For this exercise, please reproduce the records below word for word, from the first line through the line with "then obtain N".

STUDY MATERIAL Start Marker

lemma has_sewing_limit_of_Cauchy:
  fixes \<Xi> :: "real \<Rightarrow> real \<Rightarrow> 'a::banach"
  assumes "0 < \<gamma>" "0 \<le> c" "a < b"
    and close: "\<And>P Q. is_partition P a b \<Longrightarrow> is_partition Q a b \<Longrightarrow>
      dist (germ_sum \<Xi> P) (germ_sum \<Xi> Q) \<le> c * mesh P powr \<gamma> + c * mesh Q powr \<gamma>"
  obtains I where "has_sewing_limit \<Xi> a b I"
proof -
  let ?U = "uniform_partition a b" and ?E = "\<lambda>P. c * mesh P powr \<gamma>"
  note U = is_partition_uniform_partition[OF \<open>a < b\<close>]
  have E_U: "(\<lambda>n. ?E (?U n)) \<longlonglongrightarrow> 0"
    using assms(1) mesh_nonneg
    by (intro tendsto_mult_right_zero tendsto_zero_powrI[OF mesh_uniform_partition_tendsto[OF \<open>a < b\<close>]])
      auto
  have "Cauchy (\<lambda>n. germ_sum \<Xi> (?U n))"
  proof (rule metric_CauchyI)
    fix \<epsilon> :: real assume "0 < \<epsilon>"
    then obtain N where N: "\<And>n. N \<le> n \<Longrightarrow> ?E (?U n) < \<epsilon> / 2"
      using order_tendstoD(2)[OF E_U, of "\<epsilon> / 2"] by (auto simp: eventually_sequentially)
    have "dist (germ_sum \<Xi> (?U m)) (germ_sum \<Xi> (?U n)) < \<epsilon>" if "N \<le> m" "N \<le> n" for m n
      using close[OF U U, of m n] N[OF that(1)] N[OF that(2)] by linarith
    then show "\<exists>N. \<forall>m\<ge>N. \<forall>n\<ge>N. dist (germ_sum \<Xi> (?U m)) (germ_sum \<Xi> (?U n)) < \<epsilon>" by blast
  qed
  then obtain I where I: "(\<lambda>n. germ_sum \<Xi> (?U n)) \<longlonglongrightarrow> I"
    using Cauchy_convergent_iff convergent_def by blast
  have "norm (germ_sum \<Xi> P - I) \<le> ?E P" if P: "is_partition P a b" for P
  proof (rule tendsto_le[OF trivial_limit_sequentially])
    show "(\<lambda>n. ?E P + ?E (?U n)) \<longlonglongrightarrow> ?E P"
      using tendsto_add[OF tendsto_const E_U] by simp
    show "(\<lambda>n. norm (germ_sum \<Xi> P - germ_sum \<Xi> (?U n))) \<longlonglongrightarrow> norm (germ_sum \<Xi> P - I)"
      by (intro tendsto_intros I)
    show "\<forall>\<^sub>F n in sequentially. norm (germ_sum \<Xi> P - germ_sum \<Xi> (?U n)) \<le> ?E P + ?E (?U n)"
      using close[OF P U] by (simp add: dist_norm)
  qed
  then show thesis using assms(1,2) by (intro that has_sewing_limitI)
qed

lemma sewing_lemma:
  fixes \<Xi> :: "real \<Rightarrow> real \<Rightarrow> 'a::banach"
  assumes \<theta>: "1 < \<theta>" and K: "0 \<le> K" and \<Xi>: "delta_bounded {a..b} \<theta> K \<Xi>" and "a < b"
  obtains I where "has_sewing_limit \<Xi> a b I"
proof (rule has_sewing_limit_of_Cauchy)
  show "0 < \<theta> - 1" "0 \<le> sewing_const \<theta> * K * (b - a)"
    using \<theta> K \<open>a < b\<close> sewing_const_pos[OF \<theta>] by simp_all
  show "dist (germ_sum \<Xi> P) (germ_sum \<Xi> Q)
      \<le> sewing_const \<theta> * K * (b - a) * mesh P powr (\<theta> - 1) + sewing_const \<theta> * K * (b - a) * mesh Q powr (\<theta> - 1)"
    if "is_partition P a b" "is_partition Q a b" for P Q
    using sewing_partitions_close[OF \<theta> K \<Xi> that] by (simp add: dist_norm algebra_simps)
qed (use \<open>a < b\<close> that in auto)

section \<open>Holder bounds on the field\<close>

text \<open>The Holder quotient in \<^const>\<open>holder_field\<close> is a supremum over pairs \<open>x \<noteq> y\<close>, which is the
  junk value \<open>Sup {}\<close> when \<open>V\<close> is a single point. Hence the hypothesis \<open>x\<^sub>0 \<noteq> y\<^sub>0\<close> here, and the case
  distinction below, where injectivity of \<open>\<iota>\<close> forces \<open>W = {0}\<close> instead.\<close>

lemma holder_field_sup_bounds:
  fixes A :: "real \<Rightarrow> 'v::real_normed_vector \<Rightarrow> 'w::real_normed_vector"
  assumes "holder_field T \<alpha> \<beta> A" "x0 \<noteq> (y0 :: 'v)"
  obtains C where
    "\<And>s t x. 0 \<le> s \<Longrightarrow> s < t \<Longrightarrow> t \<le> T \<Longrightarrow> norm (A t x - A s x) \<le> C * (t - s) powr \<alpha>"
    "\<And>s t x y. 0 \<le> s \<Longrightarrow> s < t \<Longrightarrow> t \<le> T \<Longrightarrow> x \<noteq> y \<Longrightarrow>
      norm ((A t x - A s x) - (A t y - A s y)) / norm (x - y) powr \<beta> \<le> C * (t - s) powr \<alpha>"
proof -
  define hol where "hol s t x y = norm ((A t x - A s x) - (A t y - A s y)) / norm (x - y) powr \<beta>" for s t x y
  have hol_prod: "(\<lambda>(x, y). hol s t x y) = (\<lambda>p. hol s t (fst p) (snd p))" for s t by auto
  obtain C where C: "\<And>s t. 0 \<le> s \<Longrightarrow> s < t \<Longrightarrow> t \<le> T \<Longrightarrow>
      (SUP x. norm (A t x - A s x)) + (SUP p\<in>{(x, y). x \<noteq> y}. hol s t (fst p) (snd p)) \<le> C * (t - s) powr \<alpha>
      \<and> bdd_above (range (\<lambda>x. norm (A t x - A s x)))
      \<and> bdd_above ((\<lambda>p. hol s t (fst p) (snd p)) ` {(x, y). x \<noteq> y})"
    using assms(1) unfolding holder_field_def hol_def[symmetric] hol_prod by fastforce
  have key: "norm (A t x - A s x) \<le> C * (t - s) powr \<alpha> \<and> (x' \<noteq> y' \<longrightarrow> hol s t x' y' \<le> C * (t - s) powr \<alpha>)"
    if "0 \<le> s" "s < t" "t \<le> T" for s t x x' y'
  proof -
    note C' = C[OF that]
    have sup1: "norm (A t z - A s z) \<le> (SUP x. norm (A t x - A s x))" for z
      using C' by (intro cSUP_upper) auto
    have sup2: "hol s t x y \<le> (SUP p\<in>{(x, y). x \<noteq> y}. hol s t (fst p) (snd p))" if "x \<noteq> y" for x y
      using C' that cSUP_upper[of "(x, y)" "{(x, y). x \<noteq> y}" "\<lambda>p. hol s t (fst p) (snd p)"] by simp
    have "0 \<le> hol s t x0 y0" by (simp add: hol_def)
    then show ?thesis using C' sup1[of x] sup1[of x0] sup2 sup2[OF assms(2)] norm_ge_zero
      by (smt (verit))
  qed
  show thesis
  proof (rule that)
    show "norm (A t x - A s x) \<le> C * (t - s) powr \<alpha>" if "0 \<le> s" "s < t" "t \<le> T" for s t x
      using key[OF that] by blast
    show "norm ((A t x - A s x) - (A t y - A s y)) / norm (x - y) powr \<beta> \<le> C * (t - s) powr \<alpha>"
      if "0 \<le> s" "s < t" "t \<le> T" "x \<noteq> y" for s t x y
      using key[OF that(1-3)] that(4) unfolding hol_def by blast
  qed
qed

STUDY MATERIAL End Marker

== YOUR SOLUTION ==
lemma has_sewing_limit_of_Cauchy:
  fixes \<Xi> :: "real \<Rightarrow> real \<Rightarrow> 'a::banach"
  assumes "0 < \<gamma>" "0 \<le> c" "a < b"
    and close: "\<And>P Q. is_partition P a b \<Longrightarrow> is_partition Q a b \<Longrightarrow>
      dist (germ_sum \<Xi> P) (germ_sum \<Xi> Q) \<le> c * mesh P powr \<gamma> + c * mesh Q powr \<gamma>"
  obtains I where "has_sewing_limit \<Xi> a b I"
proof -
  let ?U = "uniform_partition a b" and ?E = "\<lambda>P. c * mesh P powr \<gamma>"
  note U = is_partition_uniform_partition[OF \<open>a < b\<close>]
  have E_U: "(\<lambda>n. ?E (?U n)) \<longlonglongrightarrow> 0"
    using assms(1) mesh_nonneg
    by (intro tendsto_mult_right_zero tendsto_zero_powrI[OF mesh_uniform_partition_tendsto[OF \<open>a < b\<close>]])
      auto
  have "Cauchy (\<lambda>n. germ_sum \<Xi> (?U n))"
  proof (rule metric_CauchyI)
    fix \<epsilon> :: real assume "0 < \<epsilon>"
    then obtain N where N: "\<And>n. N \<le> n \<Longrightarrow> ?E (?U n) < \<epsilon> / 2"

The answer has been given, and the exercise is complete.